TASK BRIEF: Top to bottom, output the entries that follow exactly.
---------- SUPPLIED RECORDS
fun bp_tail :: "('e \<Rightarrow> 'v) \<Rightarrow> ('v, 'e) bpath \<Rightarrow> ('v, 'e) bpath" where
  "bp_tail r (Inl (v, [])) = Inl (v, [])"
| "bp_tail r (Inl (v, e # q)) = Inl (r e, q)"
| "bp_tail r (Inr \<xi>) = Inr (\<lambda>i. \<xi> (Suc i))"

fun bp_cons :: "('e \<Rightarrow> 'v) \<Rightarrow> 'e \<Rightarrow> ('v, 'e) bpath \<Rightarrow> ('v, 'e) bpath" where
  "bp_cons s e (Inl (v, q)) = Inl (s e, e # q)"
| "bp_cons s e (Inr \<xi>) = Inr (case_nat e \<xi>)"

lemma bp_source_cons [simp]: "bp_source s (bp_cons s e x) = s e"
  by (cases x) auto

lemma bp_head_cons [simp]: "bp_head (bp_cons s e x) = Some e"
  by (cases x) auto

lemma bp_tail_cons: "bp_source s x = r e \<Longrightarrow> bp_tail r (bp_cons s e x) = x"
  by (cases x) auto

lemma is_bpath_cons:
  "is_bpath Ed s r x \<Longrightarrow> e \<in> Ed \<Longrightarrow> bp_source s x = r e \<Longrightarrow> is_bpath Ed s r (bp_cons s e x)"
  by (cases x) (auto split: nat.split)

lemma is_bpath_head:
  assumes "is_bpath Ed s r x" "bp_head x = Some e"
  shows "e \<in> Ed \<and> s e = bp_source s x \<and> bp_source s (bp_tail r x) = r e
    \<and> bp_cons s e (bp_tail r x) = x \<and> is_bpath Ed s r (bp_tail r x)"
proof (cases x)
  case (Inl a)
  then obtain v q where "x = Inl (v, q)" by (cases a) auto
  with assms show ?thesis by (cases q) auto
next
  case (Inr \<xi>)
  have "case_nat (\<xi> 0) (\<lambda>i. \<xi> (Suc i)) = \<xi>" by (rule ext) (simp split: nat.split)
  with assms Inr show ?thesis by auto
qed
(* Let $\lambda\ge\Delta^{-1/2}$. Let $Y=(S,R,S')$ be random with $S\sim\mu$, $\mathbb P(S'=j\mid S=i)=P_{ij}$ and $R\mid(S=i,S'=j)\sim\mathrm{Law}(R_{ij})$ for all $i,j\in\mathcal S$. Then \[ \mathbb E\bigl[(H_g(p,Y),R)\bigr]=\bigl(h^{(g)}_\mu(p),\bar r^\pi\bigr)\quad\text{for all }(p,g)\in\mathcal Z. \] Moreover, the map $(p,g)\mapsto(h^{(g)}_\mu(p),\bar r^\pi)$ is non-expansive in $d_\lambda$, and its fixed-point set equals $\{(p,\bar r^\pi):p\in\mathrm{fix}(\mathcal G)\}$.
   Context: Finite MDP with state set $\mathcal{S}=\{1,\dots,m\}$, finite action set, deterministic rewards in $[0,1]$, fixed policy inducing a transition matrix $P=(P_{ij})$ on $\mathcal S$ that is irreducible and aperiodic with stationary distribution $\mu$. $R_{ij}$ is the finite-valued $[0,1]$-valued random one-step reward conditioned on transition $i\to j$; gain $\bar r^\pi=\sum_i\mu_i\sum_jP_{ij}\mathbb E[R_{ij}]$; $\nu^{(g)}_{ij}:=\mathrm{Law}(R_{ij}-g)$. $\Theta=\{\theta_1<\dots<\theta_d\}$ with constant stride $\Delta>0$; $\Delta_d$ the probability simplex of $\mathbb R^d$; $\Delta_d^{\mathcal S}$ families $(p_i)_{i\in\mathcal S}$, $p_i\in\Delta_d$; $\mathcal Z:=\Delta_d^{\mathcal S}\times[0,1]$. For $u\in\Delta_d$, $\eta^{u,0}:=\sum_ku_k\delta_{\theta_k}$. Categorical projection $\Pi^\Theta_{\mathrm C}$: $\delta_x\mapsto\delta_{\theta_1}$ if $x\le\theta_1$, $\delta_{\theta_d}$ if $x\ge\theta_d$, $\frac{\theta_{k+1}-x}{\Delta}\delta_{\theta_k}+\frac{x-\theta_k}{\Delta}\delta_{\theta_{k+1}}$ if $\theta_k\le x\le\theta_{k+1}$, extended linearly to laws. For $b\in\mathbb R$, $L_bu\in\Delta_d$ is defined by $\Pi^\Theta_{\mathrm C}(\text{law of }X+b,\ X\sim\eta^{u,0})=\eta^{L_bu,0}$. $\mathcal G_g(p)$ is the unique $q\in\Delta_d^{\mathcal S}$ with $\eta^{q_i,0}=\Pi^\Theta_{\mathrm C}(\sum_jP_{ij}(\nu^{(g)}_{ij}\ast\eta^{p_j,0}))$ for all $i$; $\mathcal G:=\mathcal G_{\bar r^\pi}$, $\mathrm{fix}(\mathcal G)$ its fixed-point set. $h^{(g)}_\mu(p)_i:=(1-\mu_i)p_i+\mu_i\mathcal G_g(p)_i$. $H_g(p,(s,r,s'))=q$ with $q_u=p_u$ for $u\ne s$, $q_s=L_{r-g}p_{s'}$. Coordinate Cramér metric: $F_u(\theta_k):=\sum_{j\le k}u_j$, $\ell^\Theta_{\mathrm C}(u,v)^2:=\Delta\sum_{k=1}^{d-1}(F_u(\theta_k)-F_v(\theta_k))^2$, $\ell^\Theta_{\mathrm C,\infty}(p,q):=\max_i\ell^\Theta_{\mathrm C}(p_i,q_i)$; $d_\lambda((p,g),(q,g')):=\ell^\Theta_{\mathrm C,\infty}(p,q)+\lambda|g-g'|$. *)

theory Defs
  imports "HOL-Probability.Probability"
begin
--------------------
TASK RESULT:
fun bp_tail :: "('e \<Rightarrow> 'v) \<Rightarrow> ('v, 'e) bpath \<Rightarrow> ('v, 'e) bpath" where
  "bp_tail r (Inl (v, [])) = Inl (v, [])"
| "bp_tail r (Inl (v, e # q)) = Inl (r e, q)"
| "bp_tail r (Inr \<xi>) = Inr (\<lambda>i. \<xi> (Suc i))"

fun bp_cons :: "('e \<Rightarrow> 'v) \<Rightarrow> 'e \<Rightarrow> ('v, 'e) bpath \<Rightarrow> ('v, 'e) bpath" where
  "bp_cons s e (Inl (v, q)) = Inl (s e, e # q)"
| "bp_cons s e (Inr \<xi>) = Inr (case_nat e \<xi>)"

lemma bp_source_cons [simp]: "bp_source s (bp_cons s e x) = s e"
  by (cases x) auto

lemma bp_head_cons [simp]: "bp_head (bp_cons s e x) = Some e"
  by (cases x) auto

lemma bp_tail_cons: "bp_source s x = r e \<Longrightarrow> bp_tail r (bp_cons s e x) = x"
  by (cases x) auto

lemma is_bpath_cons:
  "is_bpath Ed s r x \<Longrightarrow> e \<in> Ed \<Longrightarrow> bp_source s x = r e \<Longrightarrow> is_bpath Ed s r (bp_cons s e x)"
  by (cases x) (auto split: nat.split)

lemma is_bpath_head:
  assumes "is_bpath Ed s r x" "bp_head x = Some e"
  shows "e \<in> Ed \<and> s e = bp_source s x \<and> bp_source s (bp_tail r x) = r e
    \<and> bp_cons s e (bp_tail r x) = x \<and> is_bpath Ed s r (bp_tail r x)"
proof (cases x)
  case (Inl a)
  then obtain v q where "x = Inl (v, q)" by (cases a) auto
  with assms show ?thesis by (cases q) auto
next
  case (Inr \<xi>)
  have "case_nat (\<xi> 0) (\<lambda>i. \<xi> (Suc i)) = \<xi>" by (rule ext) (simp split: nat.split)
  with assms Inr show ?thesis by auto
qed
(* Let $\lambda\ge\Delta^{-1/2}$. Let $Y=(S,R,S')$ be random with $S\sim\mu$, $\mathbb P(S'=j\mid S=i)=P_{ij}$ and $R\mid(S=i,S'=j)\sim\mathrm{Law}(R_{ij})$ for all $i,j\in\mathcal S$. Then \[ \mathbb E\bigl[(H_g(p,Y),R)\bigr]=\bigl(h^{(g)}_\mu(p),\bar r^\pi\bigr)\quad\text{for all }(p,g)\in\mathcal Z. \] Moreover, the map $(p,g)\mapsto(h^{(g)}_\mu(p),\bar r^\pi)$ is non-expansive in $d_\lambda$, and its fixed-point set equals $\{(p,\bar r^\pi):p\in\mathrm{fix}(\mathcal G)\}$.
   Context: Finite MDP with state set $\mathcal{S}=\{1,\dots,m\}$, finite action set, deterministic rewards in $[0,1]$, fixed policy inducing a transition matrix $P=(P_{ij})$ on $\mathcal S$ that is irreducible and aperiodic with stationary distribution $\mu$. $R_{ij}$ is the finite-valued $[0,1]$-valued random one-step reward conditioned on transition $i\to j$; gain $\bar r^\pi=\sum_i\mu_i\sum_jP_{ij}\mathbb E[R_{ij}]$; $\nu^{(g)}_{ij}:=\mathrm{Law}(R_{ij}-g)$. $\Theta=\{\theta_1<\dots<\theta_d\}$ with constant stride $\Delta>0$; $\Delta_d$ the probability simplex of $\mathbb R^d$; $\Delta_d^{\mathcal S}$ families $(p_i)_{i\in\mathcal S}$, $p_i\in\Delta_d$; $\mathcal Z:=\Delta_d^{\mathcal S}\times[0,1]$. For $u\in\Delta_d$, $\eta^{u,0}:=\sum_ku_k\delta_{\theta_k}$. Categorical projection $\Pi^\Theta_{\mathrm C}$: $\delta_x\mapsto\delta_{\theta_1}$ if $x\le\theta_1$, $\delta_{\theta_d}$ if $x\ge\theta_d$, $\frac{\theta_{k+1}-x}{\Delta}\delta_{\theta_k}+\frac{x-\theta_k}{\Delta}\delta_{\theta_{k+1}}$ if $\theta_k\le x\le\theta_{k+1}$, extended linearly to laws. For $b\in\mathbb R$, $L_bu\in\Delta_d$ is defined by $\Pi^\Theta_{\mathrm C}(\text{law of }X+b,\ X\sim\eta^{u,0})=\eta^{L_bu,0}$. $\mathcal G_g(p)$ is the unique $q\in\Delta_d^{\mathcal S}$ with $\eta^{q_i,0}=\Pi^\Theta_{\mathrm C}(\sum_jP_{ij}(\nu^{(g)}_{ij}\ast\eta^{p_j,0}))$ for all $i$; $\mathcal G:=\mathcal G_{\bar r^\pi}$, $\mathrm{fix}(\mathcal G)$ its fixed-point set. $h^{(g)}_\mu(p)_i:=(1-\mu_i)p_i+\mu_i\mathcal G_g(p)_i$. $H_g(p,(s,r,s'))=q$ with $q_u=p_u$ for $u\ne s$, $q_s=L_{r-g}p_{s'}$. Coordinate Cramér metric: $F_u(\theta_k):=\sum_{j\le k}u_j$, $\ell^\Theta_{\mathrm C}(u,v)^2:=\Delta\sum_{k=1}^{d-1}(F_u(\theta_k)-F_v(\theta_k))^2$, $\ell^\Theta_{\mathrm C,\infty}(p,q):=\max_i\ell^\Theta_{\mathrm C}(p_i,q_i)$; $d_\lambda((p,g),(q,g')):=\ell^\Theta_{\mathrm C,\infty}(p,q)+\lambda|g-g'|$. *)

theory Defs
  imports "HOL-Probability.Probability"
begin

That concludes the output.